A cybercrime gang called Silence targeted at least 10 banks in Russia, Armenia, and Malaysia borrowing hacking techniques from the dreaded Carbanak hacker group that stole as much as $1 billion from banks worldwide.
The Silence gang was uncovered by researchers at Kaspersky Lab who speculate it is imitating the notorious Carbanak group.
“In September 2017, we discovered a new targeted attack on financial institutions. Victims are mostly Russian banks but we also found infected organizations in Malaysia and Armenia. The attackers were using a known but still very effective technique for cybercriminals looking to make money: gaining persistent access to an internal banking network for a long period of time, making video recordings of the day to day activity on bank employees’ PCs, learning how things works in their target banks, what software is being used, and then using that knowledge to steal as much money as possible when ready.” states the report published by Kaspersky.
“We saw that technique before in Carbanak, and other similar cases worldwide.”
The attackers leverage spear-phishing emails with a malicious attachment, the experts pointed out that the Silence group first compromised banking infrastructure in order to send the messages from the addresses of bank employees.
At the time, experts from Kaspersky have no information on how much the Silence group had stolen to date, they confirmed the attacks are still ongoing.
The hackers use legitimate administration tools to fly under the radar making hard the detection of the fraudulent activities.
“This kind of attack has become widespread in recent years, which is a very worrisome trend as it demonstrates that criminals are successful in their attacks.” states Kaspersky Lab.
“The spear-phishing infection vector is still the most popular way to initiate targeted campaigns. When used with already compromised infrastructure, and combined with .chm attachments, it seems to be a really effective way of spreading, at least among financial organizations.”

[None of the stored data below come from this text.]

lemma normalizer_P: "normalizer G P = P"
proof (rule ccontr)
  let ?N = "normalizer G P"
  assume "?N \<noteq> P"
  have N: "subgroup ?N G" using P_subset by (rule normalizer_imp_subgroup)
  have "?N \<noteq> carrier G" using normal_of_normalizer_eq_carrier subgroup_P not_normal_P by blast
  then obtain g where g: "g \<in> carrier G" "g \<notin> ?N" using subgroup.subset[OF N] by blast
  obtain h where h: "h \<in> P" "h \<noteq> \<one>" "g \<otimes> h \<otimes> inv g \<in> ?N"
    using exists_conj_mem_of_card_rcosets_less[OF finite_carrier N subgroup_P g(1)]
      card_normalizer_P_less(1)[OF \<open>?N \<noteq> P\<close>] card_P by auto
  let ?Q = "g <# P #> inv g"
  have Q: "subgroup ?Q G" "card ?Q = p"
    using subgroup_conj_set[OF subgroup_P g(1)] card_conj_set[OF P_subset g(1)] card_P by auto
  have "g \<otimes> h \<otimes> inv g \<in> ?Q" using h(1) g(1) P_subset by (simp add: conj_set_eq_image)
  moreover have "g \<otimes> h \<otimes> inv g \<noteq> \<one>" using h(1,2) g(1) P_subset conj_eq_one_iff by auto
  ultimately have "?Q \<subseteq> ?N"
    using prime_card_subgroup_subset[OF Q(1) _ N] Q(2) prime_p h(3) by simp
  then have "P <#> ?Q \<subseteq> ?N"
    using subgroup_subset_normalizer[OF subgroup_P] subgroup.m_closed[OF N] by (auto simp: set_mult_def)
  moreover have "card (P <#> ?Q) = p * p"
    using card_set_mult[OF subgroup_P Q(1) prime_card_subgroup_inter_conj[OF subgroup_P prime_card_P g]]
      card_P Q(2) by simp
  ultimately have "p * p \<le> card ?N"
    using card_mono[OF finite_subset[OF subgroup.subset[OF N] finite_carrier]] by metis
  then show False using card_normalizer_P_less(2)[OF \<open>?N \<noteq> P\<close>] by simp
qed

lemma mem_P_of_conj_mem:
  assumes "g \<in> carrier G" "h \<in> P" "h \<noteq> \<one>" "g \<otimes> h \<otimes> inv g \<in> P"
  shows "g \<in> P"
proof -
  have "g <# P #> inv g \<subseteq> P"
  proof (rule prime_card_subgroup_subset[OF subgroup_conj_set[OF subgroup_P assms(1)] _ subgroup_P])
    show "Factorial_Ring.prime (card (g <# P #> inv g))"
      using card_conj_set[OF P_subset assms(1)] prime_card_P by simp
    show "g \<otimes> h \<otimes> inv g \<in> g <# P #> inv g"
      using assms(1,2) P_subset by (simp add: conj_set_eq_image)
    show "g \<otimes> h \<otimes> inv g \<noteq> \<one>"
      using assms(1-3) P_subset conj_eq_one_iff by auto
  qed (rule assms(4))
  then show ?thesis
    using assms(1) normalizer_iff_conj_set_subset[OF P_subset finite_P] normalizer_P by blast
qed

lemma centralizer_eq_P:
  assumes "x \<in> P" "x \<noteq> \<one>"
  shows "centralizer G x = P"
proof
  show "centralizer G x \<subseteq> P"
  proof
    fix a assume "a \<in> centralizer G x"
    then have "a \<in> carrier G" "a \<otimes> x \<otimes> inv a = x"
      using assms(1) P_subset mem_centralizer_iff by auto
    then show "a \<in> P" using mem_P_of_conj_mem assms by simp
  qed
  show "P \<subseteq> centralizer G x"
    using assms P_subset prime_card_subgroup_comm[OF subgroup_P prime_card_P] by (auto simp: centralizer_def)
qed

lemma card_conjugacy_class_P:
  assumes "x \<in> P" "x \<noteq> \<one>"
  shows "card (conjugacy_class G x) = m"
  using card_conjugacy_class_mult_card_centralizer[of x] centralizer_eq_P[OF assms] assms P_subset
    order_eq card_P prime_gt_0_nat[OF prime_p] by auto

lemma conjugacy_classes_P_disjoint:
  assumes "x \<in> P" "x \<noteq> \<one>" "y \<in> P" "x \<noteq> y"
  shows "conjugacy_class G x \<inter> conjugacy_class G y = {}"
proof (rule ccontr)
  assume "conjugacy_class G x \<inter> conjugacy_class G y \<noteq> {}"
  then obtain c where c: "c \<in> carrier G" "y = c \<otimes> x \<otimes> inv c"
    using conjugacy_classes_meet assms(1,3) P_subset by blast
  then have "c \<in> centralizer G x" using assms mem_P_of_conj_mem centralizer_eq_P by auto
  then have "c \<otimes> x \<otimes> inv c = x"
    using assms(1) P_subset mem_centralizer_iff by blast
  then show False using c assms(4) by simp
qed

definition frobenius_kernel :: "'a set"
  where "frobenius_kernel = carrier G - (\<Union>x \<in> P - {\<one>}. conjugacy_class G x)"

lemma frobenius_kernel_subset: "frobenius_kernel \<subseteq> carrier G"
  by (auto simp: frobenius_kernel_def)

lemma not_mem_frobenius_kernel_iff:
  "z \<in> carrier G \<Longrightarrow>
    z \<notin> frobenius_kernel \<longleftrightarrow> (\<exists>x \<in> P - {\<one>}. \<exists>a \<in> carrier G. z = a \<otimes> x \<otimes> inv a)"
  by (auto simp: frobenius_kernel_def conjugacy_class_def)

lemma one_mem_frobenius_kernel: "\<one> \<in> frobenius_kernel"
  using not_mem_frobenius_kernel_iff P_subset conj_eq_one_iff by (metis Diff_iff in_mono one_closed singletonI)

lemma card_frobenius_kernel: "card frobenius_kernel = m"
proof -
  let ?U = "\<Union>x \<in> P - {\<one>}. conjugacy_class G x"
  have UG: "?U \<subseteq> carrier G" using P_subset by (auto simp: conjugacy_class_def)
  have "card ?U = (\<Sum>x \<in> P - {\<one>}. card (conjugacy_class G x))"
    using finite_P finite_subset[OF _ finite_carrier] conjugacy_classes_P_disjoint
    by (intro card_UN_disjoint) (auto simp: conjugacy_class_def)
  also have "\<dots> = (p - 1) * m"
    using card_conjugacy_class_P finite_P card_P subgroup.one_closed[OF subgroup_P] by simp
  finally have "card ?U = (p - 1) * m" .
  have "card frobenius_kernel = card (carrier G) - card ?U"
    unfolding frobenius_kernel_def using finite_subset[OF UG finite_carrier] UG by (rule card_Diff_subset)
  also have "\<dots> = m * p - (p - 1) * m"
    using order_eq \<open>card ?U = (p - 1) * m\<close> by (simp add: order_def)
  also have "\<dots> = m"
    using prime_gt_0_nat[OF prime_p] by (simp add: diff_mult_distrib2 mult.commute)
  finally show ?thesis .
qed

lemma conj_not_mem_frobenius_kernel:
  assumes "z \<in> carrier G" "z \<notin> frobenius_kernel" "b \<in> carrier G"
  shows "b \<otimes> z \<otimes> inv b \<notin> frobenius_kernel"
proof -
  obtain x a where xa: "x \<in> P - {\<one>}" "a \<in> carrier G" "z = a \<otimes> x \<otimes> inv a"
    using assms(1,2) not_mem_frobenius_kernel_iff by blast
  then have "b \<otimes> z \<otimes> inv b = (b \<otimes> a) \<otimes> x \<otimes> inv (b \<otimes> a)"
    using assms(3) P_subset conj_conj by auto
  moreover have "b \<otimes> a \<in> carrier G" "b \<otimes> z \<otimes> inv b \<in> carrier G"
    using assms(1,3) xa(2) by auto
  ultimately show ?thesis using xa(1) not_mem_frobenius_kernel_iff by blast
qed

lemma conj_mem_frobenius_kernel:
  assumes "z \<in> frobenius_kernel" "b \<in> carrier G"
  shows "b \<otimes> z \<otimes> inv b \<in> frobenius_kernel"
proof (rule ccontr)
  assume "b \<otimes> z \<otimes> inv b \<notin> frobenius_kernel"
  then have "inv b \<otimes> (b \<otimes> z \<otimes> inv b) \<otimes> inv (inv b) \<notin> frobenius_kernel"
    using assms frobenius_kernel_subset conj_not_mem_frobenius_kernel[of _ "inv b"] by auto
  then show False
    using assms frobenius_kernel_subset conjugation_is_surj[of "inv b" z] by auto
qed

lemma centralizer_subset_frobenius_kernel:
  assumes "z \<in> frobenius_kernel" "z \<noteq> \<one>"
  shows "centralizer G z \<subseteq> frobenius_kernel"
proof
  fix c assume c: "c \<in> centralizer G z"
  have zG: "z \<in> carrier G" using assms(1) frobenius_kernel_subset by blast
  show "c \<in> frobenius_kernel"
  proof (rule ccontr)
    assume "c \<notin> frobenius_kernel"
    then obtain x a where xa: "x \<in> P - {\<one>}" "a \<in> carrier G" "c = a \<otimes> x \<otimes> inv a"
      using c not_mem_frobenius_kernel_iff by (auto simp: centralizer_def)
    have xG: "x \<in> carrier G" using xa(1) P_subset by blast
    define z' where "z' = inv a \<otimes> z \<otimes> a"
    have z'G: "z' \<in> carrier G" using zG xa(2) by (simp add: z'_def)
    have z: "z = a \<otimes> z' \<otimes> inv a"
      using zG xa(2) conjugation_is_surj[of a z] by (simp add: z'_def)
    have "a \<otimes> (z' \<otimes> x) \<otimes> inv a = a \<otimes> (x \<otimes> z') \<otimes> inv a"
      using c xa z z'G xG by (simp add: centralizer_def conj_mult)
    then have "z' \<in> centralizer G x"
      using z'G xG xa(2) by (simp add: centralizer_def)
    then have "z' \<in> P - {\<one>}"
      using centralizer_eq_P xa(1) z assms(2) xa(2) by auto
    then have "z \<notin> frobenius_kernel"
      using z zG xa(2) not_mem_frobenius_kernel_iff by blast
    then show False using assms(1) by blast
  qed
qed

lemma eq_m_of_mult_eq:
  assumes "k * e = m * p" "k < m" "e \<le> m"
  shows "e = m"
proof -
  have "p < e"
  proof (rule ccontr)
    assume "\<not> p < e"
    then have "k * e < m * p"
      using assms(2) prime_gt_0_nat[OF prime_p] by (metis mult_le_mono2 mult_less_mono1 not_less le_less_trans)
    then show False using assms(1) by simp
  qed
  have "p dvd k \<or> p dvd e"
    using assms(1) prime_p by (metis dvd_triv_right prime_dvd_mult_iff)
  then show ?thesis
  proof
    assume "p dvd e"
    then obtain f where f: "e = p * f" by blast
    then have "f * k = m" using assms(1) prime_gt_0_nat[OF prime_p] by (simp add: mult.commute)
    moreover have "2 \<le> f" using f \<open>p < e\<close> by (cases f) (auto simp: not_less_eq_eq)
    ultimately have "k < p" by (rule cofactor_less)
    moreover have "p * f \<le> k * f" using f assms(3) \<open>f * k = m\<close> by (simp add: mult.commute)
    ultimately show ?thesis using \<open>2 \<le> f\<close> by simp
  next
    assume "p dvd k"
    then obtain k' where k': "k = p * k'" by blast
    then have km: "k' * e = m" using assms(1) prime_gt_0_nat[OF prime_p] by (simp add: mult.commute)
    have "\<not> 2 \<le> k'" using cofactor_less[OF km] \<open>p < e\<close> by linarith
    moreover have "k' \<noteq> 0" using km m_pos by auto
    ultimately show ?thesis using km by (cases k') auto
  qed
qed

lemma centralizer_eq_frobenius_kernel:
  assumes "z \<in> frobenius_kernel" "z \<noteq> \<one>"
  shows "centralizer G z = frobenius_kernel"
proof -
  have zG: "z \<in> carrier G" using assms(1) frobenius_kernel_subset by blast
  have fin: "finite frobenius_kernel" using finite_subset[OF frobenius_kernel_subset finite_carrier] .
  have "conjugacy_class G z \<subseteq> frobenius_kernel - {\<one>}"
    using assms zG conj_mem_frobenius_kernel conj_eq_one_iff by (auto simp: conjugacy_class_def)
  then have "card (conjugacy_class G z) < m"
    using card_mono[OF finite_Diff[OF fin]] card_frobenius_kernel one_mem_frobenius_kernel m_pos
    by (metis card_Diff1_less fin le_less_trans)
  moreover have "card (centralizer G z) \<le> m"
    using card_mono[OF fin centralizer_subset_frobenius_kernel[OF assms]] card_frobenius_kernel by simp
  ultimately have "card (centralizer G z) = card frobenius_kernel"
    using eq_m_of_mult_eq card_conjugacy_class_mult_card_centralizer[OF zG] order_eq card_frobenius_kernel
    by simp
  then show ?thesis
    using card_subset_eq[OF fin centralizer_subset_frobenius_kernel[OF assms]] by simp
qed

lemma subgroup_frobenius_kernel: "subgroup frobenius_kernel G"
proof (cases "frobenius_kernel = {\<one>}")
  case True
  then show ?thesis using triv_subgroup by simp
next
  case False
  then obtain z where z: "z \<in> frobenius_kernel" "z \<noteq> \<one>" using one_mem_frobenius_kernel by blast
  then have "subgroup (centralizer G z) G" using frobenius_kernel_subset centralizer_subgroup by blast
  then show ?thesis using centralizer_eq_frobenius_kernel[OF z] by simp
qed

lemma frobenius_kernel_comm:
  assumes "a \<in> frobenius_kernel" "b \<in> frobenius_kernel"
  shows "a \<otimes> b = b \<otimes> a"
proof (cases "b = \<one>")
  case True
  then show ?thesis using assms(1) frobenius_kernel_subset by auto
next
  case False
  then show ?thesis using assms centralizer_eq_frobenius_kernel by (auto simp: centralizer_def)
qed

The group used backdoors to gain persistence on the targeted banks and monitor operations of its employees, the malicious code allows them to upload data, steal credentials, record the screen like the Carbanak does.
Screen grabs allow cyber criminals to create a video recording of daily activity on employees’ computers, such kind of information is essential for the cyber heists.
Once the dropper is unpacked and executed from the C&C, a number of payload modules are dropped that allow the attackers to spy on the internal staff of the targeted banks.
One of those modules is the screen monitor, which leveraged the Windows GDI and API tools to create a pseudo-video stream of the victim’s activity by putting together all the collected bitmaps.
Further details are available in the report, including Indicators of Compromise.
Kaspersky will continue to monitor the Silence Group.